theorem proposition3p7:
  fixes A B C :: "nat \<Rightarrow> 'k :: {alg_closed_field, field_char_0} option"
    and d1 d2 d3 :: nat
    and U3 U2 U1 :: "(nat \<times> nat) set"
    and X :: "'k pt3 set set"
  assumes X_def: "X = lines_of A B C U3 U2 U1"
    and injA: "inj_on A {1..d1}" and injB: "inj_on B {1..d2}" and injC: "inj_on C {1..d3}"
    and U3_sub: "U3 \<subseteq> {1..d1} \<times> {1..d2}"
    and U2_sub: "U2 \<subseteq> {1..d1} \<times> {1..d3}"
    and U1_sub: "U1 \<subseteq> {1..d2} \<times> {1..d3}"
    and A_used: "\<forall>i\<in>{1..d1}. (\<exists>j. (i, j) \<in> U3) \<or> (\<exists>k. (i, k) \<in> U2)"
    and B_used: "\<forall>j\<in>{1..d2}. (\<exists>i. (i, j) \<in> U3) \<or> (\<exists>k. (j, k) \<in> U1)"
    and C_used: "\<forall>k\<in>{1..d3}. (\<exists>i. (i, k) \<in> U2) \<or> (\<exists>j. (j, k) \<in> U1)"
    and F3: "resembles_ferrers U3 d1 d2"
    and F2: "resembles_ferrers U2 d1 d3"
    and F1: "resembles_ferrers U1 d2 d3"
  shows "Hyp5_star X \<longleftrightarrow>
    (\<forall>a1\<in>{1..d1}. \<forall>a2\<in>{1..d1}. \<forall>b1\<in>{1..d2}. \<forall>b2\<in>{1..d2}. \<forall>c1\<in>{1..d3}. \<forall>c2\<in>{1..d3}.
       (\<not> (mu X A B C a1 b1 c1 = 2 \<and> mu X A B C a1 b2 c1 = 1 \<and>
            mu X A B C a2 b1 c1 = 2 \<and> mu X A B C a2 b2 c1 = 2)
        \<or> \<not> (mu_AB X A B a1 b1 = 1 \<and> mu_AB X A B a1 b2 = 1 \<and>
             mu_AB X A B a2 b1 = 0 \<and> mu_AB X A B a2 b2 = 1)) \<and>
       (\<not> (mu X A B C a1 b1 c1 = 2 \<and> mu X A B C a1 b1 c2 = 1 \<and>
            mu X A B C a2 b1 c1 = 2 \<and> mu X A B C a2 b1 c2 = 2)
        \<or> \<not> (mu_AC X A C a1 c1 = 1 \<and> mu_AC X A C a1 c2 = 1 \<and>
             mu_AC X A C a2 c1 = 0 \<and> mu_AC X A C a2 c2 = 1)) \<and>
       (\<not> (mu X A B C a1 b1 c1 = 2 \<and> mu X A B C a1 b1 c2 = 1 \<and>
            mu X A B C a1 b2 c1 = 2 \<and> mu X A B C a1 b2 c2 = 2)
        \<or> \<not> (mu_BC X B C b1 c1 = 1 \<and> mu_BC X B C b1 c2 = 1 \<and>
             mu_BC X B C b2 c1 = 0 \<and> mu_BC X B C b2 c2 = 1)))"
proof -
  interpret variety_of_lines A B C d1 d2 d3 U3 U2 U1 X
    using X_def injA injB injC U3_sub U2_sub U1_sub by unfold_locales
  show ?thesis
    unfolding Hyp5_star_iff_no_indexed_pentagon
    by (simp only: mu_pattern_AB_iff mu_pattern_AC_iff mu_pattern_BC_iff cong: ball_cong)
qed

end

⁂

_What you need to do_:
Please go through the entries and show every line with the word "injA".

_Task answer_:
    and injA: "inj_on A {1..d1}" and injB: "inj_on B {1..d2}" and injC: "inj_on C {1..d3}"
    using X_def injA injB injC U3_sub U2_sub U1_sub by unfold_locales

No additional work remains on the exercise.